WHAT IS NEEDED: For the entries below, report the number of lines containing "assumes", without any other content.

DATA LISTING:
(* Let $T=(T_1,T_2)$ be a cyclic analytic toral isometry on a complex Hilbert space $\mathcal H$ with a cyclic vector $f_0\in\ker T^*=\ker T_1^*\cap\ker T_2^*$. The following are equivalent: (i) $\ker T^*$ is a wandering subspace for $T$; (ii) $T$ is unitarily equivalent to the pair $\mathscr M_z=(\mathscr M_{z_1},\mathscr M_{z_2})$ of multiplications by the coordinate functions on the Hardy space $H^2(\mathbb D^2)$; (iii) $T$ is doubly commuting, i.e. $T_j^*T_i=T_iT_j^*$ for $1\le i\ne j\le 2$.
   Context: A toral isometry is a commuting pair $T=(T_1,T_2)$ with $T_1,T_2$ isometries. $T$ is cyclic with cyclic vector $f_0$ if the closed linear span of $\{T_1^{a}T_2^{b}f_0:a,b\ge0\}$ is $\mathcal H$. $T$ is analytic if $\bigcap_{k\ge0}\sum_{a+b=k}T_1^aT_2^b\mathcal H=\{0\}$. A closed subspace $\mathcal W$ is wandering for $T$ if $T_1^{\alpha_1}T_2^{\alpha_2}\mathcal W\perp T_1^{\beta_1}T_2^{\beta_2}\mathcal W$ whenever $\alpha,\beta\in\mathbb Z_+^2$ and there is $i\in\{1,2\}$ with $\alpha_i=0$ and $\beta_i\ne0$. $H^2(\mathbb D^2)$ is the space of holomorphic $f=\sum_{m,n\ge0}a_{m,n}z_1^mz_2^n$ on the unit bidisc with $\|f\|^2=\sum|a_{m,n}|^2<\infty$. *)

theory Defs
  imports "HOL-Analysis.Analysis"
begin

text \<open>A complex Hilbert space is represented by a carrier type 'a (an additive
abelian group) together with an explicit complex scalar multiplication sc and an
inner product ip, linear in the first and conjugate-linear in the second argument.\<close>

definition hnorm :: "('a \<Rightarrow> 'a \<Rightarrow> complex) \<Rightarrow> 'a \<Rightarrow> real" where
  "hnorm ip x = sqrt (Re (ip x x))"

definition complex_hilbert ::
  "(complex \<Rightarrow> 'a::ab_group_add \<Rightarrow> 'a) \<Rightarrow> ('a \<Rightarrow> 'a \<Rightarrow> complex) \<Rightarrow> bool" where
  "complex_hilbert sc ip \<longleftrightarrow>
     (\<forall>x. sc 1 x = x) \<and>
     (\<forall>a b x. sc a (sc b x) = sc (a * b) x) \<and>
     (\<forall>a x y. sc a (x + y) = sc a x + sc a y) \<and>
     (\<forall>a b x. sc (a + b) x = sc a x + sc b x) \<and>
     (\<forall>x y z. ip (x + y) z = ip x z + ip y z) \<and>
     (\<forall>a x y. ip (sc a x) y = a * ip x y) \<and>
     (\<forall>x y. ip y x = cnj (ip x y)) \<and>
     (\<forall>x. Im (ip x x) = 0 \<and> 0 \<le> Re (ip x x)) \<and>
     (\<forall>x. ip x x = 0 \<longrightarrow> x = 0) \<and>
     (\<forall>X :: nat \<Rightarrow> 'a. (\<forall>e>0. \<exists>N. \<forall>m\<ge>N. \<forall>n\<ge>N. hnorm ip (X m - X n) < e)
         \<longrightarrow> (\<exists>L. \<forall>e>0. \<exists>N. \<forall>n\<ge>N. hnorm ip (X n - L) < e))"

definition clinear_map :: "(complex \<Rightarrow> 'a::ab_group_add \<Rightarrow> 'a) \<Rightarrow> ('a \<Rightarrow> 'a) \<Rightarrow> bool" where
  "clinear_map sc T \<longleftrightarrow> (\<forall>x y. T (x + y) = T x + T y) \<and> (\<forall>c x. T (sc c x) = sc c (T x))"

definition hisometry ::
  "(complex \<Rightarrow> 'a::ab_group_add \<Rightarrow> 'a) \<Rightarrow> ('a \<Rightarrow> 'a \<Rightarrow> complex) \<Rightarrow> ('a \<Rightarrow> 'a) \<Rightarrow> bool" where
  "hisometry sc ip T \<longleftrightarrow> clinear_map sc T \<and> (\<forall>x. hnorm ip (T x) = hnorm ip x)"

definition toral_isometry ::
  "(complex \<Rightarrow> 'a::ab_group_add \<Rightarrow> 'a) \<Rightarrow> ('a \<Rightarrow> 'a \<Rightarrow> complex) \<Rightarrow> ('a \<Rightarrow> 'a) \<Rightarrow> ('a \<Rightarrow> 'a) \<Rightarrow> bool" where
  "toral_isometry sc ip T1 T2 \<longleftrightarrow> hisometry sc ip T1 \<and> hisometry sc ip T2 \<and> T1 \<circ> T2 = T2 \<circ> T1"

text \<open>Hilbert-space adjoint (exists and is unique for bounded operators).\<close>
definition hadj :: "('a \<Rightarrow> 'a \<Rightarrow> complex) \<Rightarrow> ('a \<Rightarrow> 'a) \<Rightarrow> ('a \<Rightarrow> 'a)" where
  "hadj ip T = (THE S. \<forall>x y. ip (T x) y = ip x (S y))"

definition kerTstar :: "('a::zero \<Rightarrow> 'a \<Rightarrow> complex) \<Rightarrow> ('a \<Rightarrow> 'a) \<Rightarrow> ('a \<Rightarrow> 'a) \<Rightarrow> 'a set" where
  "kerTstar ip T1 T2 = {x. hadj ip T1 x = 0 \<and> hadj ip T2 x = 0}"

definition hspan :: "(complex \<Rightarrow> 'a::ab_group_add \<Rightarrow> 'a) \<Rightarrow> 'a set \<Rightarrow> 'a set" where
  "hspan sc A = {sum (\<lambda>v. sc (c v) v) F | F c. finite F \<and> F \<subseteq> A}"

definition hclosure :: "('a::ab_group_add \<Rightarrow> 'a \<Rightarrow> complex) \<Rightarrow> 'a set \<Rightarrow> 'a set" where
  "hclosure ip A = {x. \<forall>e>0. \<exists>a\<in>A. hnorm ip (x - a) < e}"

definition closed_hsubspace ::
  "(complex \<Rightarrow> 'a::ab_group_add \<Rightarrow> 'a) \<Rightarrow> ('a \<Rightarrow> 'a \<Rightarrow> complex) \<Rightarrow> 'a set \<Rightarrow> bool" where
  "closed_hsubspace sc ip W \<longleftrightarrow> 0 \<in> W \<and> (\<forall>x\<in>W. \<forall>y\<in>W. x + y \<in> W) \<and>
     (\<forall>c. \<forall>x\<in>W. sc c x \<in> W) \<and> hclosure ip W \<subseteq> W"

definition cyclic_vector ::
  "(complex \<Rightarrow> 'a::ab_group_add \<Rightarrow> 'a) \<Rightarrow> ('a \<Rightarrow> 'a \<Rightarrow> complex) \<Rightarrow> ('a \<Rightarrow> 'a) \<Rightarrow> ('a \<Rightarrow> 'a) \<Rightarrow> 'a \<Rightarrow> bool" where
  "cyclic_vector sc ip T1 T2 f0 \<longleftrightarrow>
     hclosure ip (hspan sc {(T1 ^^ a) ((T2 ^^ b) f0) | a b. True}) = UNIV"

text \<open>Analytic: \<Inter>_k \<Sum>_{a+b=k} T1^a T2^b H = {0} (algebraic sums of ranges).\<close>
definition analytic_pair :: "('a::ab_group_add \<Rightarrow> 'a) \<Rightarrow> ('a \<Rightarrow> 'a) \<Rightarrow> bool" where
  "analytic_pair T1 T2 \<longleftrightarrow>
     (\<Inter>k. {(\<Sum>a\<in>{..k}. (T1 ^^ a) ((T2 ^^ (k - a)) (h a))) | h. True}) = {0}"

definition wandering ::
  "(complex \<Rightarrow> 'a::ab_group_add \<Rightarrow> 'a) \<Rightarrow> ('a \<Rightarrow> 'a \<Rightarrow> complex) \<Rightarrow> ('a \<Rightarrow> 'a) \<Rightarrow> ('a \<Rightarrow> 'a) \<Rightarrow> 'a set \<Rightarrow> bool" where
  "wandering sc ip T1 T2 W \<longleftrightarrow> closed_hsubspace sc ip W \<and>
     (\<forall>a1 a2 b1 b2 :: nat. ((a1 = 0 \<and> b1 \<noteq> 0) \<or> (a2 = 0 \<and> b2 \<noteq> 0)) \<longrightarrow>
        (\<forall>w\<in>W. \<forall>v\<in>W. ip ((T1 ^^ a1) ((T2 ^^ a2) w)) ((T1 ^^ b1) ((T2 ^^ b2) v)) = 0))"

definition doubly_commuting :: "('a \<Rightarrow> 'a \<Rightarrow> complex) \<Rightarrow> ('a \<Rightarrow> 'a) \<Rightarrow> ('a \<Rightarrow> 'a) \<Rightarrow> bool" where
  "doubly_commuting ip T1 T2 \<longleftrightarrow>
     hadj ip T2 \<circ> T1 = T1 \<circ> hadj ip T2 \<and> hadj ip T1 \<circ> T2 = T2 \<circ> hadj ip T1"

definition bidisc :: "(complex \<times> complex) set" where
  "bidisc = {z. cmod (fst z) < 1 \<and> cmod (snd z) < 1}"

definition h2_series :: "(nat \<times> nat \<Rightarrow> complex) \<Rightarrow> (complex \<times> complex \<Rightarrow> complex) \<Rightarrow> bool" where
  "h2_series a f \<longleftrightarrow>
     (\<lambda>p. (cmod (a p))\<^sup>2) summable_on UNIV \<and>
     (\<forall>z\<in>bidisc. ((\<lambda>(m, n). a (m, n) * fst z ^ m * snd z ^ n) has_sum f z) UNIV) \<and>
     (\<forall>z. z \<notin> bidisc \<longrightarrow> f z = 0)"

definition H2 :: "(complex \<times> complex \<Rightarrow> complex) set" where
  "H2 = {f. \<exists>a. h2_series a f}"

definition h2_coeff :: "(complex \<times> complex \<Rightarrow> complex) \<Rightarrow> nat \<times> nat \<Rightarrow> complex" where
  "h2_coeff f = (THE a. h2_series a f)"

definition h2_inner :: "(complex \<times> complex \<Rightarrow> complex) \<Rightarrow> (complex \<times> complex \<Rightarrow> complex) \<Rightarrow> complex" where
  "h2_inner f g = (\<Sum>\<^sub>\<infinity>p. h2_coeff f p * cnj (h2_coeff g p))"

definition Mz1 :: "(complex \<times> complex \<Rightarrow> complex) \<Rightarrow> (complex \<times> complex \<Rightarrow> complex)" where
  "Mz1 f = (\<lambda>z. if z \<in> bidisc then fst z * f z else 0)"

definition Mz2 :: "(complex \<times> complex \<Rightarrow> complex) \<Rightarrow> (complex \<times> complex \<Rightarrow> complex)" where
  "Mz2 f = (\<lambda>z. if z \<in> bidisc then snd z * f z else 0)"

definition unitarily_equiv_Mz ::
  "(complex \<Rightarrow> 'a::ab_group_add \<Rightarrow> 'a) \<Rightarrow> ('a \<Rightarrow> 'a \<Rightarrow> complex) \<Rightarrow> ('a \<Rightarrow> 'a) \<Rightarrow> ('a \<Rightarrow> 'a) \<Rightarrow> bool" where
  "unitarily_equiv_Mz sc ip T1 T2 \<longleftrightarrow>
     (\<exists>U :: 'a \<Rightarrow> (complex \<times> complex \<Rightarrow> complex).
        bij_betw U UNIV H2 \<and>
        (\<forall>x y. U (x + y) = (\<lambda>z. U x z + U y z)) \<and>
        (\<forall>c x. U (sc c x) = (\<lambda>z. c * U x z)) \<and>
        (\<forall>x y. h2_inner (U x) (U y) = ip x y) \<and>
        (\<forall>x. U (T1 x) = Mz1 (U x)) \<and>
        (\<forall>x. U (T2 x) = Mz2 (U x)))"

end

theory Submission
  imports Defs
begin

(* Everything runs through orbit bases: vectors g whose orbit T1^m T2^n g, for (m, n) in
   N x N, is an orthonormal basis. Given such a g, sending x to the function with
   coefficients <x, T1^m T2^n g> is a unitary onto H^2(D^2); it turns T1 and T2, which
   shift these coefficients, into multiplication by z1 and z2, and on the basis the adjoint
   of T2 visibly commutes with T1 (and vice versa), which extends by density.
   Conversely, each condition produces an orbit basis whose orbit spans the same space as
   that of f0: if ker T* is wandering, the orbit of f0 / |f0| is orthonormal; under a unitary
   equivalence, the preimage g of the constant 1 has an orthonormal orbit, and f0, being
   orthogonal to the ranges of T1 and T2, is a multiple of g. Double commutativity makes
   ker T* wandering, as T1* commutes with powers of T2 and annihilates ker T*. *)

lemma mult_cnj_eq_cmod_sq: "z * cnj z = (complex_of_real (cmod z))\<^sup>2"
  by (simp add: complex_norm_square[symmetric])

lemma cmod_add_sq: "(cmod (u + v))\<^sup>2 = (cmod u)\<^sup>2 + (cmod v)\<^sup>2 + 2 * Re (u * cnj v)"
  unfolding cmod_power2 by (simp add: power2_eq_square algebra_simps)

lemma summable_on_mult_cnj:
  fixes a b :: "'i \<Rightarrow> complex"
  assumes "(\<lambda>p. (cmod (a p))\<^sup>2) summable_on A" and "(\<lambda>p. (cmod (b p))\<^sup>2) summable_on A"
  shows "(\<lambda>p. a p * cnj (b p)) summable_on A"
proof -
  have bound: "norm (a p * cnj (b p)) \<le> (cmod (a p))\<^sup>2 + (cmod (b p))\<^sup>2" for p
  proof -
    have "norm (a p * cnj (b p)) = cmod (a p) * cmod (b p)"
      by (simp add: norm_mult)
    moreover have "0 \<le> cmod (a p) * cmod (b p)"
      by simp
    ultimately show ?thesis
      using sum_squares_bound[of "cmod (a p)" "cmod (b p)"] by linarith
  qed
  have "(\<lambda>p. norm (a p * cnj (b p))) summable_on A"
    by (rule Infinite_Sum.abs_summable_on_comparison_test'[OF summable_on_add[OF assms]])
      (use bound in simp)
  then show ?thesis
    by (rule Infinite_Sum.abs_summable_summable)
qed

lemma filterlim_squares_finite_subsets:
  "filterlim (\<lambda>N. {..<N} \<times> {..<N}) (finite_subsets_at_top UNIV) sequentially"
  unfolding filterlim_finite_subsets_at_top
proof (intro allI impI)
  fix X :: "(nat \<times> nat) set"
  assume "finite X \<and> X \<subseteq> UNIV"
  then obtain K where K: "\<forall>k\<in>fst ` X \<union> snd ` X. k < K"
    by (meson finite_Un finite_imageI finite_nat_set_iff_bounded)
  have "X \<subseteq> {..<N} \<times> {..<N}" if "N \<ge> K" for N
  proof
    fix p
    assume "p \<in> X"
    then have "fst p < K" "snd p < K"
      using K by auto
    then show "p \<in> {..<N} \<times> {..<N}"
      using that by (cases p) auto
  qed
  then show "\<forall>\<^sub>F N in sequentially. finite ({..<N} \<times> {..<N}) \<and> X \<subseteq> {..<N} \<times> {..<N}
      \<and> {..<N} \<times> {..<N} \<subseteq> UNIV"
    by (auto intro: eventually_sequentiallyI[of K])
qed

lemma funpow_commute:
  assumes "\<And>x. f (g x) = g (f x)"
  shows "(f ^^ m) ((g ^^ n) x) = (g ^^ n) ((f ^^ m) x)"
proof -
  have "f ((g ^^ n) y) = (g ^^ n) (f y)" for y
    by (induction n arbitrary: y) (simp_all add: assms)
  then show ?thesis
    by (induction m arbitrary: x) simp_all
qed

RESPONSE BOX: 2